If you vote by mail but die before Election Day, does your vote count? It depends on where you lived.
Oregon counts ballots no matter what happens to the voter. So does Florida. But in South Dakota, if you die before the election, so does your vote.
In Virginia, Board of Elections officials contacted yesterday said the answer is unclear because of conflicting rulings by different attorneys general. They are seeking a clarification, they said.
Increasingly popular mail-in ballots mean voters can choose candidates up to 60 days before an election, raising new questions about an age-old phenomenon normally associated with chicanery: What should be done with the ballots of the recently dead?
Laws in at least a dozen states are split evenly between tallying and dumping the votes. No one keeps records on how often such deaths occur.
One case involves Florence Steen, an ailing 88-year-old grandmother. A last wish of hers was to vote for Hillary Rodham Clinton. She wanted to be part of history, daughter Kathy Krause said.
After the South Dakota woman died in May, her daughter mailed the ballot.
"In my mind, her vote counted," Krause said. "My mother believed she had voted for a woman to be president."

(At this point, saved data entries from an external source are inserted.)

lemma quadratic_form_neg_gram_minus_corner:
  fixes u :: "'l \<Rightarrow> nat \<Rightarrow> real" and P :: "real mat"
  assumes P: "P \<in> carrier_mat m m" and x: "x \<in> carrier_vec m" and "0 < m"
    and P_entry: "\<And>i j. i < m \<Longrightarrow> j < m \<Longrightarrow>
      P $$ (i, j) = - (\<Sum>l\<in>K. u l i * u l j) - (if i = 0 \<and> j = 0 then W else 0)"
  shows "x \<bullet> (P *\<^sub>v x) = - (\<Sum>l\<in>K. (\<Sum>i<m. u l i * x $ i)\<^sup>2) - W * (x $ 0)\<^sup>2"
proof -
  have entry: "x $ i * P $$ (i, j) * x $ j = - (\<Sum>l\<in>K. (u l i * x $ i) * (u l j * x $ j))
      - (if i = 0 \<and> j = 0 then W * (x $ 0)\<^sup>2 else 0)" if "i < m" "j < m" for i j
    using that by (simp add: P_entry sum_distrib_left sum_distrib_right algebra_simps power2_eq_square)
  have "x \<bullet> (P *\<^sub>v x) = (\<Sum>i<m. \<Sum>j<m. x $ i * P $$ (i, j) * x $ j)"
    by (rule quadratic_form_sum[OF P x])
  also have "\<dots> = - (\<Sum>i<m. \<Sum>j<m. \<Sum>l\<in>K. (u l i * x $ i) * (u l j * x $ j))
      - (\<Sum>i<m. \<Sum>j<m. if i = 0 \<and> j = 0 then W * (x $ 0)\<^sup>2 else 0)"
    by (simp add: entry sum_subtractf sum_negf)
  also have "(\<Sum>i<m. \<Sum>j<m. if i = 0 \<and> j = 0 then W * (x $ 0)\<^sup>2 else 0) = W * (x $ 0)\<^sup>2"
    using \<open>0 < m\<close> by (simp add: sum_lessThan_first)
  also have "(\<Sum>i<m. \<Sum>j<m. \<Sum>l\<in>K. (u l i * x $ i) * (u l j * x $ j))
      = (\<Sum>l\<in>K. (\<Sum>i<m. u l i * x $ i)\<^sup>2)"
    by (simp add: power2_eq_square sum_product sum.swap[of _ K])
  finally show ?thesis .
qed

But officials at the county courthouse told Krause the ballot had to be tossed because state law declared a voter must be alive on Election Day. So Krause passed that word to the Clinton campaign. And Clinton drew great applause when she told the story in her concession speech four days after the South Dakota primary.

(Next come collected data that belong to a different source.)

lemma contracts_after_if_connected:
  assumes "network_connected n N gamma" and "v \<in> {1..n}"
  shows "\<exists>K \<epsilon>. contracts_after {v} K \<epsilon>"
proof -
  have "(v, 0) \<in> (net_edges n N gamma)\<^sup>*"
    using assms unfolding network_connected_def by auto
  from this \<open>v \<in> {1..n}\<close> show ?thesis
  proof (induction rule: converse_rtrancl_induct)
    case base
    then show ?case by simp
  next
    case (step v u)
    from step.hyps(1) step.prems consider (follower) "u \<in> {1..n}" "u \<in> N v" | (leader) "gamma v = 1"
      unfolding net_edges_def by auto
    then show ?case
    proof cases
      case follower
      then show ?thesis
        using step.IH contracts_after_if_nbr[OF step.prems] by blast
    next
      case leader
      then show ?thesis
        using contracts_after_if_leader_nbr[OF step.prems] by auto
    qed
  qed
qed

lemma window_max_contracts:
  assumes "contracts_after {1..n} K \<epsilon>"
  shows "window_max (t + (K + max_delay)) \<le> (1 - \<epsilon>) * window_max t"
proof (rule window_max_le)
  fix i s
  assume "i \<in> {1..n}" and "int (t + (K + max_delay)) - int max_delay \<le> s"
  moreover from this have "int t + int K \<le> s"
    by simp
  ultimately show "\<bar>y i s\<bar> \<le> (1 - \<epsilon>) * window_max t"
    using assms unfolding contracts_after_def by blast
next
  show "0 \<le> (1 - \<epsilon>) * window_max t"
    using assms window_max_nonneg unfolding contracts_after_def by simp
qed

theorem tendsto_zero_if_connected:
  assumes "network_connected n N gamma" and "i \<in> {1..n}"
  shows "(\<lambda>t. y i (int t)) \<longlonglongrightarrow> 0"
proof -
  obtain K \<epsilon> where contr: "contracts_after {1..n} K \<epsilon>"
    using contracts_after_finite[of "{1..n}"] contracts_after_if_connected[OF assms(1)] by auto
  have "0 < \<epsilon>"
    using contr unfolding contracts_after_def by blast
  have "\<forall>t. norm (y i (int t)) \<le> window_max t"
    using abs_le_window_max[OF assms(2)] by simp
  moreover have "window_max \<longlonglongrightarrow> 0"
    using decseq_tendsto_zero_if_contracts[OF decseq_window_max window_max_nonneg
        window_max_contracts[OF contr]] \<open>0 < \<epsilon>\<close>
    by simp
  ultimately show ?thesis
    by (rule Lim_null_comparison[OF always_eventually])
qed

end

theorem mainTheorem7:
  fixes n :: nat and x0 :: real
    and N :: "nat \<Rightarrow> nat set" and gamma :: "nat \<Rightarrow> real"
    and T :: "nat \<Rightarrow> nat \<Rightarrow> nat" and x :: "nat \<Rightarrow> int \<Rightarrow> real"
  assumes nbr_sub: "\<And>i. i \<in> {1..n} \<Longrightarrow> N i \<subseteq> {1..n} - {i}"
    and nbr_sym: "\<And>i j. i \<in> {1..n} \<Longrightarrow> j \<in> {1..n} \<Longrightarrow> (j \<in> N i \<longleftrightarrow> i \<in> N j)"
    and gamma01: "\<And>i. i \<in> {1..n} \<Longrightarrow> gamma i = 0 \<or> gamma i = 1"
    and conn: "network_connected n N gamma"
    and update: "\<And>i t. i \<in> {1..n} \<Longrightarrow>
       x i (int t + 1) =
         (x i (int t) + (\<Sum>j\<in>N i. x j (int t - int (T j i))) + gamma i * x0)
         / (1 + real (card (N i)) + gamma i)"
  shows "\<forall>i\<in>{1..n}. (\<lambda>t::nat. x i (int t)) \<longlonglongrightarrow> x0"
proof -
  interpret delayed_leader_follower n N gamma T "\<lambda>i s. x i s - x0"
  proof
    fix i t
    assume i: "i \<in> {1..n}"
    then show "N i \<subseteq> {1..n}" "0 \<le> gamma i"
      using nbr_sub gamma01 by force+
    have "0 < 1 + real (card (N i)) + gamma i"
      using gamma01[OF i] by (auto simp: add_pos_nonneg)
    moreover have "(\<Sum>j\<in>N i. x j (int t - int (T j i)) - x0)
        = (\<Sum>j\<in>N i. x j (int t - int (T j i))) - real (card (N i)) * x0"
      by (simp add: sum_subtractf)
    ultimately show "x i (int t + 1) - x0 =
        (x i (int t) - x0 + (\<Sum>j\<in>N i. x j (int t - int (T j i)) - x0)) / (1 + real (card (N i)) + gamma i)"
      unfolding update[OF i] by (simp add: field_simps)
  qed
  show ?thesis
    using tendsto_zero_if_connected[OF conn] by (simp add: LIM_zero_iff)
qed

end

Krause plans to lobby state legislators to reverse the law.
"What about the soldiers in Iraq? What if they vote and they're killed in action, God forbid? Should we take away their vote because they died for their country?"

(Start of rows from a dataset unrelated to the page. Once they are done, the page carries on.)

(* Let $\beta\colon[0,\infty)\to(0,1)$ be continuous with $\beta^*:=\sup_{t\ge0}\beta(t)<1$, and let $D$ be the multistable subordinator with index $\beta$ (defined in the context). Then the process $D$ is continuous in probability. Moreover, for every $\varepsilon>0$ there exists a constant $C_\varepsilon>0$ such that \[ \mathbb{P}\bigl(D(t+h)-D(t)>\varepsilon\bigr)\le C_\varepsilon h\qquad\text{for all } t,h\in[0,\infty). \]
   Context: Let $\beta\colon[0,\infty)\to(0,1)$ be a continuous function. Let $\Pi=\{(t_i,x_i)\}$ be a Poisson point process on $[0,\infty)\times(0,\infty)$ with intensity measure $\nu(dt,dx)=\beta(t)x^{-\beta(t)-1}\,dt\,dx$. The multistable subordinator with index $\beta$ is the process $D(t)=\sum_{(t_i,x_i)\in\Pi,\ t_i\le t}x_i$, $t\ge0$ (this sum is a.s. finite since $\int_0^t(1-\beta(s))^{-1}ds<\infty$). *)

theory Defs
  imports "HOL-Probability.Probability"
begin

definition multistable_intensity :: "(real \<Rightarrow> real) \<Rightarrow> (real \<times> real) measure" where
  "multistable_intensity \<beta> =
     density lborel (\<lambda>(t, x). if 0 \<le> t \<and> 0 < x
                               then ennreal (\<beta> t * x powr (- \<beta> t - 1)) else 0)"

definition point_count :: "('w \<Rightarrow> 'p set) \<Rightarrow> 'p set \<Rightarrow> 'w \<Rightarrow> nat" where
  "point_count P A \<omega> = card (P \<omega> \<inter> A)"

There are no military standards on voting by soldiers. Rather, their mailed-in ballots are counted at the individual election districts where they are registered to vote.
Thirty-one states allow some form of early voting. Mail-in ballots arrived in record numbers during this year's protracted primary season. Election experts have predicted that as many as 25 percent of voters will vote by mail in November.
South Dakota Secretary of State Chris Nelson said he doesn't understand why a dead person's vote should be counted.
"In my mind, it's clear," Nelson said. "You have to be a qualified voter on Election Day. I don't know how someone can say you're a qualified voter if you're deceased."
Pam Smith, director of the advocacy group Verified Voting, disagrees: "By definition, the day you cast a ballot is Election Day. That's it."